The output file specified by -a/--abundances contains three columns:
- the name of a seed sequence representing cluster C;
- the name of a sequence included in cluster C representing some specimen S;
- the number of reads representing cluster C originating from specimen S.
Let's name these columns ('seed', 'read_from_S', and 'abundance'). In principle, the sum of the values in the column containing abundances should equal the total number of input reads. However, swarm does not allow sequences containing ambiguities, so these are silently discarded.
In the specific case of pplacer, this file can be provided as an
argument to guppy redup -d
after placement of sequences in
seeds.fasta to generate a placefile reflecting the original read
masses before clustering.
But more generally, this output, along with a specimen map and assignment of seed sequences to taxon names, can be used to construct a table describing taxon abundance by specimen.
Consider these two other tables:
- 'specimen_map', a table provided as input to this script with columns ('read_from_S', 'specimen')
- 'assignments', a table assigning clusters to taxa with columns ('seed', 'taxon').

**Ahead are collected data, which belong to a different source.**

lemma mode_mod_Ocirc:
  assumes voa: "is_voa sc Y vac om c" and hom: "homog sc Y om u wt"
    and N: "int N = int n + wt" and m: "m = int p + int n + 1"
  shows "Y u (wt - m - 1) v - reduced_mode sc Y n u wt m v \<in> Ocirc sc Y om n"
proof -
  define e where "e t = Y u (int N - 2 * int n - 2 - int t) v" for t
  have "homog sc Y om u (int N - int n)"
    using hom N by simp
  then have "(\<Sum>s\<le>N. sc (of_nat (N choose s)) (e (k + s))) \<in> Ocirc sc Y om n" for k
    using circ_shifted_in_Ocirc [OF voa] unfolding circ_shifted_reflect e_def by blast
  then have "e p - (\<Sum>t<N. sc (fundamental_solution N t p) (e t)) \<in> Ocirc sc Y om n"
    by (intro module.recurrence_solution_mod_subspace [OF is_voa_module [OF voa] subspace_Ocirc [OF voa],
          where a = "\<lambda>s. of_nat (N choose s)"])
      (simp_all add: fundamental_solution_initial fundamental_solution_recurrence)
  moreover have "int N - 2 * int n - 2 - int p = wt - m - 1"
    using N m by simp
  ultimately show ?thesis
    unfolding reduced_mode_eq [OF is_voa_module [OF voa] N m] by (simp add: e_def)
qed

theorem proposition3p2:
  fixes sc :: "complex \<Rightarrow> 'v::ab_group_add \<Rightarrow> 'v"
    and Y :: "'v \<Rightarrow> int \<Rightarrow> 'v \<Rightarrow> 'v"
    and vac om :: 'v and c :: complex
    and n :: nat and u v :: 'v and wt :: int
  assumes voa: "is_voa sc Y vac om c"
    and hom: "homog sc Y om u wt"
  shows
    "(wt > - int n \<longrightarrow>
       (\<forall>m::int. m \<ge> int n + 1 \<longrightarrow>
          equiv_n sc Y om n (Y u (wt - m - 1) v)
            (sc ((-1) powi (m + wt))
               (\<Sum>j\<in>{1..nat (int n + wt)}.
                  sc (((of_int (m - int n - 1) :: complex) gchoose (j - 1))
                      * ((of_int (m - int n - int j - 1) :: complex) gchoose (nat (int n + wt) - j)))
                     (Y u (wt - int n - int j - 1) v))))
       \<and> (\<forall>m::int. int n + 1 \<le> m \<and> m \<le> 2 * int n + wt \<longrightarrow>
          sc ((-1) powi (m + wt))
               (\<Sum>j\<in>{1..nat (int n + wt)}.
                  sc (((of_int (m - int n - 1) :: complex) gchoose (j - 1))
                      * ((of_int (m - int n - int j - 1) :: complex) gchoose (nat (int n + wt) - j)))
                     (Y u (wt - int n - int j - 1) v))
          = Y u (wt - m - 1) v))
     \<and> (wt = - int n \<longrightarrow>
       (\<forall>m::int. m \<ge> int n + 1 \<longrightarrow> equiv_n sc Y om n (Y u (wt - m - 1) v) 0))"
  unfolding reduced_mode_def [symmetric] equiv_n_def
proof (intro conjI impI allI)
  fix m
  define N where "N = nat (int n + wt)"
  define p where "p = nat (m - int n - 1)"
  {
    assume "wt > - int n" and "int n + 1 \<le> m"
    then have "int N = int n + wt" and "m = int p + int n + 1"
      by (simp_all add: N_def p_def)
    then show "Y u (wt - m - 1) v - reduced_mode sc Y n u wt m v \<in> Ocirc sc Y om n"
      by (rule mode_mod_Ocirc [OF voa hom])
  next
    assume "wt > - int n" and "int n + 1 \<le> m \<and> m \<le> 2 * int n + wt"
    then have "int N = int n + wt" and "m = int p + int n + 1" and "p < N"
      by (simp_all add: N_def p_def)
    then show "reduced_mode sc Y n u wt m v = Y u (wt - m - 1) v"
      by (rule reduced_mode_initial [OF is_voa_module [OF voa]])
  next
    assume "wt = - int n" and "int n + 1 \<le> m"
    moreover from this have "reduced_mode sc Y n u wt m v = 0"
      by (simp add: reduced_mode_def module.scale_zero_right [OF is_voa_module [OF voa]])
    ultimately show "Y u (wt - m - 1) v - 0 \<in> Ocirc sc Y om n"
      using mode_mod_Ocirc [OF voa hom, where N = 0 and n = n and m = m and p = p and v = v]
      by (simp add: p_def)
  }
qed

end
lemma fps_eval_mult:
  fixes s :: "'a::comm_ring_1 fps"
  assumes s0: "s $ 0 = 0"
  shows "fps_eval (F * G) s = fps_eval F s * fps_eval G s"
proof (rule fps_ext)
  fix N
  define t where "t k l = F $ k * G $ l * s ^ (k + l)" for k l
  have "(fps_eval F s * fps_eval G s) $ N
      = ((\<Sum>k\<le>N. F $ k * s ^ k) * (\<Sum>l\<le>N. G $ l * s ^ l)) $ N"
    unfolding fps_mult_nth
    by (intro sum.cong refl) (simp add: fps_eval_nth_eq_partial_sum[OF s0, where M = N])
  also have "\<dots> = (\<Sum>(k, l)\<in>{..N} \<times> {..N}. t k l $ N)"
    unfolding sum_product fps_sum_nth sum.cartesian_product t_def
    by (intro sum.cong refl) (auto simp: power_add mult_ac)
  also have "\<dots> = (\<Sum>(k, l)\<in>{(k, l). k + l \<le> N}. t k l $ N)"
    by (rule sum.mono_neutral_right)
      (auto simp: t_def intro!: fps_mult_power_nth_eq_0[OF s0])
  also have "\<dots> = (\<Sum>(k, l)\<in>{(k, l). k + l \<le> N}. F $ k * G $ l * s ^ (k + l)) $ N"
    by (simp add: fps_sum_nth case_prod_unfold t_def)
  also have "\<dots> = (\<Sum>m=0..N. \<Sum>i=0..m. F $ i * G $ (m - i) * s ^ m) $ N"
    by (simp only: sum_pair_less_iff)
  also have "\<dots> = fps_eval (F * G) s $ N"
    by (simp add: fps_eval_nth_eq_partial_sum[OF s0 order.refl] fps_mult_nth sum_distrib_right
        atLeast0AtMost)
  finally show "fps_eval (F * G) s $ N = (fps_eval F s * fps_eval G s) $ N"
    by simp
qed

lemma fps_eval_power:
  fixes s :: "'a::comm_ring_1 fps"
  assumes "s $ 0 = 0"
  shows "fps_eval (F ^ k) s = fps_eval F s ^ k"
  by (induction k) (simp_all add: fps_eval_const[of 1, simplified] fps_eval_mult[OF assms])

lemma fps_eval_sum: "fps_eval (\<Sum>k\<in>A. F k) s = (\<Sum>k\<in>A. fps_eval (F k) s)"
  by (induction A rule: infinite_finite_induct)
    (simp_all add: fps_eval_const[of 0, simplified] fps_eval_add)

lemma fps_eval_compose:
  fixes s :: "'a::comm_ring_1 fps"
  assumes s0: "s $ 0 = 0" and G0: "G $ 0 = 0"
  shows "fps_eval (F oo G) s = fps_eval F (fps_eval G s)"
proof (rule fps_ext)
  fix N
  have "fps_eval (F oo G) s $ N = fps_eval (\<Sum>k\<le>N. fps_const (F $ k) * G ^ k) s $ N"
    by (rule fps_eval_nth_cong) (rule fps_compose_nth_truncated[OF G0])
  also have "fps_eval (\<Sum>k\<le>N. fps_const (F $ k) * G ^ k) s = (\<Sum>k\<le>N. F $ k * fps_eval G s ^ k)"
    by (simp add: fps_eval_sum fps_eval_mult[OF s0] fps_eval_const fps_eval_power[OF s0])
  also have "(\<Sum>k\<le>N. F $ k * fps_eval G s ^ k) $ N = fps_eval F (fps_eval G s) $ N"
    by (rule fps_eval_nth_eq_partial_sum[OF fps_eval_nth_0[OF G0] order.refl, symmetric])
  finally show "fps_eval (F oo G) s $ N = fps_eval F (fps_eval G s) $ N" .
qed

lemma fps_eval_sums:
  fixes s :: "'a::comm_ring_1 fps"
  assumes s0: "s $ 0 = 0" and F0: "F $ 0 = 0"
  shows "(\<lambda>j. F $ Suc j * s ^ Suc j) sums fps_eval F s"
  unfolding sums_def
proof (rule tendsto_fpsI)
  fix N
  show "\<forall>\<^sub>F m in sequentially. (\<Sum>j<m. F $ Suc j * s ^ Suc j) $ N = fps_eval F s $ N"
  proof (rule eventually_sequentiallyI)
    fix m assume "N \<le> m"
    have "(\<Sum>k<Suc m. F $ k * s ^ k) = F $ 0 * s ^ 0 + (\<Sum>j<m. F $ Suc j * s ^ Suc j)"
      by (rule sum.lessThan_Suc_shift)
    then have "(\<Sum>j<m. F $ Suc j * s ^ Suc j) = (\<Sum>k\<le>m. F $ k * s ^ k)"
      using F0 by (simp add: lessThan_Suc_atMost)
    then show "(\<Sum>j<m. F $ Suc j * s ^ Suc j) $ N = fps_eval F s $ N"
      using \<open>N \<le> m\<close> by (simp add: fps_eval_nth_eq_partial_sum[OF s0])
  qed
qed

Given these three inputs, a taxon table can be constructed as follows (using SQL to illustrate the relations):
select specimen, taxon, sum(abundance) as read_count from abundances join specimen_map using (read_from_S) join assignments using(seed) group by specimen, taxon;
Recommended use is in a python virtualenv. Here's what I do to install both swarmwrapper and the linux swam binaries to a virtualenv:
virtualenv env source env/bin/activate pip install git+https://github.com/nhoffman/swarmwrapper.git swarmwrapper install --prefix $VIRTUAL_ENV
positional arguments: {dereplicate,cluster,install} dereplicate Perform strict dereplication. cluster Cluster dereplicated reads. install Install swarm binaries (linux only for now) optional arguments: -h, --help show this help message and exit -v increase verbosity of screen output (eg, -v is verbose, -vv more so) -q, --quiet suppress screen output from pip commands -V, --version Print the version number and exit --tmpdir TMPDIR optional directory name for creating temporary intermediate files (created in system temp file and discarded by default) -t N, --threads N number of threads [4]